[Stored data entries]
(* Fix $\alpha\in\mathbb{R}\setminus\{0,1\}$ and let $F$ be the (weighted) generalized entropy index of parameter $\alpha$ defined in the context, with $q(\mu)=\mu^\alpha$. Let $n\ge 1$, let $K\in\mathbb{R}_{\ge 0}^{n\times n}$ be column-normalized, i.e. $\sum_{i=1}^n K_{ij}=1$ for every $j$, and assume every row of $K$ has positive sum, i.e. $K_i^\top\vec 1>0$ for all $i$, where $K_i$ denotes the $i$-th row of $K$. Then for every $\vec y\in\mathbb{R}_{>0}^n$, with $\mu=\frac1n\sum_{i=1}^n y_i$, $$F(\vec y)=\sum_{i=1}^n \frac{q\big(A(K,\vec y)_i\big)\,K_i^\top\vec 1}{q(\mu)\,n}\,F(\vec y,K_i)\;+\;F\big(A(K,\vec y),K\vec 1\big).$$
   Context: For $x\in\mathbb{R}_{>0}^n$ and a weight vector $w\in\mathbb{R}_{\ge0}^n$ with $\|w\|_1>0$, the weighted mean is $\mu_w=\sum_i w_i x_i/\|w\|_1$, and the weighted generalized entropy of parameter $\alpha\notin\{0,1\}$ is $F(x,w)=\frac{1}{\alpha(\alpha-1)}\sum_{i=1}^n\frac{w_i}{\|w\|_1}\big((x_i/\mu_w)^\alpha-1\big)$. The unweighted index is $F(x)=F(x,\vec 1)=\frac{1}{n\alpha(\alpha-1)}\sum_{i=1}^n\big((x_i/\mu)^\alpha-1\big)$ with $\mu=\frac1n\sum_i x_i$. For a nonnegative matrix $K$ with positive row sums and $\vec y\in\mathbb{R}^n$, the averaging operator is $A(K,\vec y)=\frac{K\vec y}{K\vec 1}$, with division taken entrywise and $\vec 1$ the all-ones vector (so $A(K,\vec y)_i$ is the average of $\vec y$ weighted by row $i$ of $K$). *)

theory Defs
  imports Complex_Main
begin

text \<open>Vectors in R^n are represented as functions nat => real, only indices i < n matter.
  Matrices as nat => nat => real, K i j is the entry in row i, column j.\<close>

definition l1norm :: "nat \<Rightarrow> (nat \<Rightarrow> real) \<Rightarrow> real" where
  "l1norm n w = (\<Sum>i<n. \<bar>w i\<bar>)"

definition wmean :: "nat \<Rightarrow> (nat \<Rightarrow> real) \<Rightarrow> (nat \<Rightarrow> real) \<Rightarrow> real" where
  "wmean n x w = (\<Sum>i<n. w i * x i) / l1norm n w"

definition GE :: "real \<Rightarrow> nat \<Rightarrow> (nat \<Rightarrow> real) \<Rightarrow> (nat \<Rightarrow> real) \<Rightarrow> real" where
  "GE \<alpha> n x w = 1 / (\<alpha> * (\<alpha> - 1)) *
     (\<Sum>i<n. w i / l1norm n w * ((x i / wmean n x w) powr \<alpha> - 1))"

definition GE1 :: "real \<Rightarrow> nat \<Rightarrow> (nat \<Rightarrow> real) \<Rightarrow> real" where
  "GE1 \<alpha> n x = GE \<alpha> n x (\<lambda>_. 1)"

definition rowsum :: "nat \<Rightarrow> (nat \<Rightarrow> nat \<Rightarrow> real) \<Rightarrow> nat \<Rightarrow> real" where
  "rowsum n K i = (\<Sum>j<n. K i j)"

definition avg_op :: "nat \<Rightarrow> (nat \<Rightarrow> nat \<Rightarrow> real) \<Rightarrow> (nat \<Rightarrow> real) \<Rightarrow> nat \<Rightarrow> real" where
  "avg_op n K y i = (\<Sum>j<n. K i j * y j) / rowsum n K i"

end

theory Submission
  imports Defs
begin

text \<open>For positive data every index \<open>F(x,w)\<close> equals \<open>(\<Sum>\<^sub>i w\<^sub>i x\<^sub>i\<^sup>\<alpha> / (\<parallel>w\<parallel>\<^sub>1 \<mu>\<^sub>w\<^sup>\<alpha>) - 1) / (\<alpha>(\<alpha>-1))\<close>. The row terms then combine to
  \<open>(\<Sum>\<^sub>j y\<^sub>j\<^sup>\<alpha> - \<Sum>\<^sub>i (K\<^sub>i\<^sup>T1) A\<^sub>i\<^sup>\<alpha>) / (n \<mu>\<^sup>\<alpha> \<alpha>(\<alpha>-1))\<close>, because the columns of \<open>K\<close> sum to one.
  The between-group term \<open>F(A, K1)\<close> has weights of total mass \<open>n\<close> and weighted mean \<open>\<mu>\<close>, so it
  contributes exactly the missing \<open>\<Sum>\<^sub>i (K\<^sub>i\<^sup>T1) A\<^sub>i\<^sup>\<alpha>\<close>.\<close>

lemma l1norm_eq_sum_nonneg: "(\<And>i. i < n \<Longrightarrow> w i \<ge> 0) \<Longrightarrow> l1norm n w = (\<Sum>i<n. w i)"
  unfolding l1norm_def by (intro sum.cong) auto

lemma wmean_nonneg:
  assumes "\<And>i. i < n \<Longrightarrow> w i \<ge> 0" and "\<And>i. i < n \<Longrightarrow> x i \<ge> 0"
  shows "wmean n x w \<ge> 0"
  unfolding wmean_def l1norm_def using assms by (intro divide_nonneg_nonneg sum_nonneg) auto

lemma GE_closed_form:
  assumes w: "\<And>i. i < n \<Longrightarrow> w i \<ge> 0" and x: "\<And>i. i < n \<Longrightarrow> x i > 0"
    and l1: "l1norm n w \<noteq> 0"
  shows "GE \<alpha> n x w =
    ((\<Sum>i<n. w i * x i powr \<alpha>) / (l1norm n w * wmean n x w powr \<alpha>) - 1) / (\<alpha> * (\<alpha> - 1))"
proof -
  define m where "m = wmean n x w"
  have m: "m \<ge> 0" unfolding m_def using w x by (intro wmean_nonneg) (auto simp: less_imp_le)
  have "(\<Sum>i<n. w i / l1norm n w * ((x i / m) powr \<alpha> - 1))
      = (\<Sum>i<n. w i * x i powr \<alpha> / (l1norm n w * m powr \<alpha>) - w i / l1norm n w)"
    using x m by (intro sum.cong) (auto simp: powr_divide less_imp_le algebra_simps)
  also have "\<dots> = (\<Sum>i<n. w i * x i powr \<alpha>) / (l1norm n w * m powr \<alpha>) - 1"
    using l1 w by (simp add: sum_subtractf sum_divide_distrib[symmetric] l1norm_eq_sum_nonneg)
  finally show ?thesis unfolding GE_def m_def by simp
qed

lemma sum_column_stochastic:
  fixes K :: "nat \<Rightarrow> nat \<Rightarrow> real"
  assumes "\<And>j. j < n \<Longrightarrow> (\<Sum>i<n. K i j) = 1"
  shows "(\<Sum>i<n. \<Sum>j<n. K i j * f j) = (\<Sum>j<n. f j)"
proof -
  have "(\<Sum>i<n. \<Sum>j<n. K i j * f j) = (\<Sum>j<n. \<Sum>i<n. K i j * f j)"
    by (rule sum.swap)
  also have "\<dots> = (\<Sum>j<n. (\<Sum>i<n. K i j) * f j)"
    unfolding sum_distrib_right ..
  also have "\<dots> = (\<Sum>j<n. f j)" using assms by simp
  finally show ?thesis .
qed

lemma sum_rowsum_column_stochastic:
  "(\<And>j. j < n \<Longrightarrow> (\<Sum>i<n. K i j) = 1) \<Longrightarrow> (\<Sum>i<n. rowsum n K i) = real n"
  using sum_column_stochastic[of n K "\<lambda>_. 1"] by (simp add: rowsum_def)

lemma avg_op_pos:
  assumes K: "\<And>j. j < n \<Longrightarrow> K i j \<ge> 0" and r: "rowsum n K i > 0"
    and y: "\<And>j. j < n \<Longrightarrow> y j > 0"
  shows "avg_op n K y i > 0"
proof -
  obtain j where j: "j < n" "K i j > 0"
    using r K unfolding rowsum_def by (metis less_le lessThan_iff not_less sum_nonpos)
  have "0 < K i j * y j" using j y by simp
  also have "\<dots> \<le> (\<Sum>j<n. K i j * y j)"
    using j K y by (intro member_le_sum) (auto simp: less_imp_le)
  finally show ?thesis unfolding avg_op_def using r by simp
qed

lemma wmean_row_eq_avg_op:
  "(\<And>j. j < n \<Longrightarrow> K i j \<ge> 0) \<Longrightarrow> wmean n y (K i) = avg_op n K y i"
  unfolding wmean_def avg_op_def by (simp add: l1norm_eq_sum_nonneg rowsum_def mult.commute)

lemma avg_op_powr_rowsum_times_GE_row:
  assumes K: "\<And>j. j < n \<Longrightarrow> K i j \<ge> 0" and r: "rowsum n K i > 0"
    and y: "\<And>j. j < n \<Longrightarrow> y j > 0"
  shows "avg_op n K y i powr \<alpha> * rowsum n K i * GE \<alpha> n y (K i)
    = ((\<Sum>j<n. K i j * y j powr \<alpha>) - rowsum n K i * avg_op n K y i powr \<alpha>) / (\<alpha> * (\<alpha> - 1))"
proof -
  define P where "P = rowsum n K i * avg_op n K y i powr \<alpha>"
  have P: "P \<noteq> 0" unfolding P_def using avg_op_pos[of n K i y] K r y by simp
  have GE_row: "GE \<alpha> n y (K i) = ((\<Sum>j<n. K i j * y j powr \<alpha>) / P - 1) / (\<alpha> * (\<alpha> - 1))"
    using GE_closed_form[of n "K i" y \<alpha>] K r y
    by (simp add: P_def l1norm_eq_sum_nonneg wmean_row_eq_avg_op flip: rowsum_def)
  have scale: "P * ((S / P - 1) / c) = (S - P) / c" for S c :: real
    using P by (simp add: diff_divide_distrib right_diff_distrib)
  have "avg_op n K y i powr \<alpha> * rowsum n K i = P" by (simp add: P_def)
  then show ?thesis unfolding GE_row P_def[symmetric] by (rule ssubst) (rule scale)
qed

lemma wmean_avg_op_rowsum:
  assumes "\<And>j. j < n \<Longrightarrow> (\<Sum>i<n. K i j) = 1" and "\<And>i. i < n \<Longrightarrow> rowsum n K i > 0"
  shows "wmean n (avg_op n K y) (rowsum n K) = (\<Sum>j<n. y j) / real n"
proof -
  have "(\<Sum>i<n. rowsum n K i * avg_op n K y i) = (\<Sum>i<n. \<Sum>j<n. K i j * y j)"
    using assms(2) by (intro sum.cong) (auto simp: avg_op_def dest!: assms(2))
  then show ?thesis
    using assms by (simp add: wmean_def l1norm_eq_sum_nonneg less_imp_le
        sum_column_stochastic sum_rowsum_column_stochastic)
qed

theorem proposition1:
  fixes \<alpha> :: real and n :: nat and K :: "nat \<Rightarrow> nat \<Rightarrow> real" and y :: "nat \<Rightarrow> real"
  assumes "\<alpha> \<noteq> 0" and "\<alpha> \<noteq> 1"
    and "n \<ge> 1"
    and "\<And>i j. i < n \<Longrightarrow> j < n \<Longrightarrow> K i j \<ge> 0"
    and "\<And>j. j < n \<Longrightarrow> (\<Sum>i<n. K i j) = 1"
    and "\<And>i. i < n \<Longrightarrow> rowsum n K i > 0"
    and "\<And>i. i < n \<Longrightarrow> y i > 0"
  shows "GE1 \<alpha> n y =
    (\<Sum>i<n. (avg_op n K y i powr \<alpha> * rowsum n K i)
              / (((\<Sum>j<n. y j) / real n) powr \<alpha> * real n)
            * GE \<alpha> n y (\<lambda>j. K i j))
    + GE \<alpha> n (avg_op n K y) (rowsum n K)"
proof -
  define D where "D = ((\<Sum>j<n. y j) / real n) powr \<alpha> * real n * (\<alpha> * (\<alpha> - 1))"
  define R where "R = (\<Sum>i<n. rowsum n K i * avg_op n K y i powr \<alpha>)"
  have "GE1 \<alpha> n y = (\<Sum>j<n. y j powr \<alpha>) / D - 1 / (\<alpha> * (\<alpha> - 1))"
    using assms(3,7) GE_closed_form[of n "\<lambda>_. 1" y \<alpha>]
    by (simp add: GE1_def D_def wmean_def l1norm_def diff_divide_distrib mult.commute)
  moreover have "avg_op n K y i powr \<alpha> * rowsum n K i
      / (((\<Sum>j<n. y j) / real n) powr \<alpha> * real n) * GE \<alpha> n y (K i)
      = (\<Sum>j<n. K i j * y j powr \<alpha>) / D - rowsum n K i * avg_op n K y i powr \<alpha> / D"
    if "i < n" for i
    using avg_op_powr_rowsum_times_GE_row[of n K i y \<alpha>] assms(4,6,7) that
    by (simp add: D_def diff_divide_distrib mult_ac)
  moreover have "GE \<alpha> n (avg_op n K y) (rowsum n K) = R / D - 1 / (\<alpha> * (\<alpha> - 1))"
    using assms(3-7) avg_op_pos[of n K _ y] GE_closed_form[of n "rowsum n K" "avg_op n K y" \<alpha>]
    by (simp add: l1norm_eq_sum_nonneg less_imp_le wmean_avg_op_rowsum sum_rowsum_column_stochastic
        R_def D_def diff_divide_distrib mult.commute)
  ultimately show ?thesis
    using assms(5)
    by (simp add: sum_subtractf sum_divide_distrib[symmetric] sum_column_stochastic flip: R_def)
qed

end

* **The task**: Counting every line of the records above that has the word "cong", state the total and give nothing besides it.

* **Response box**: 3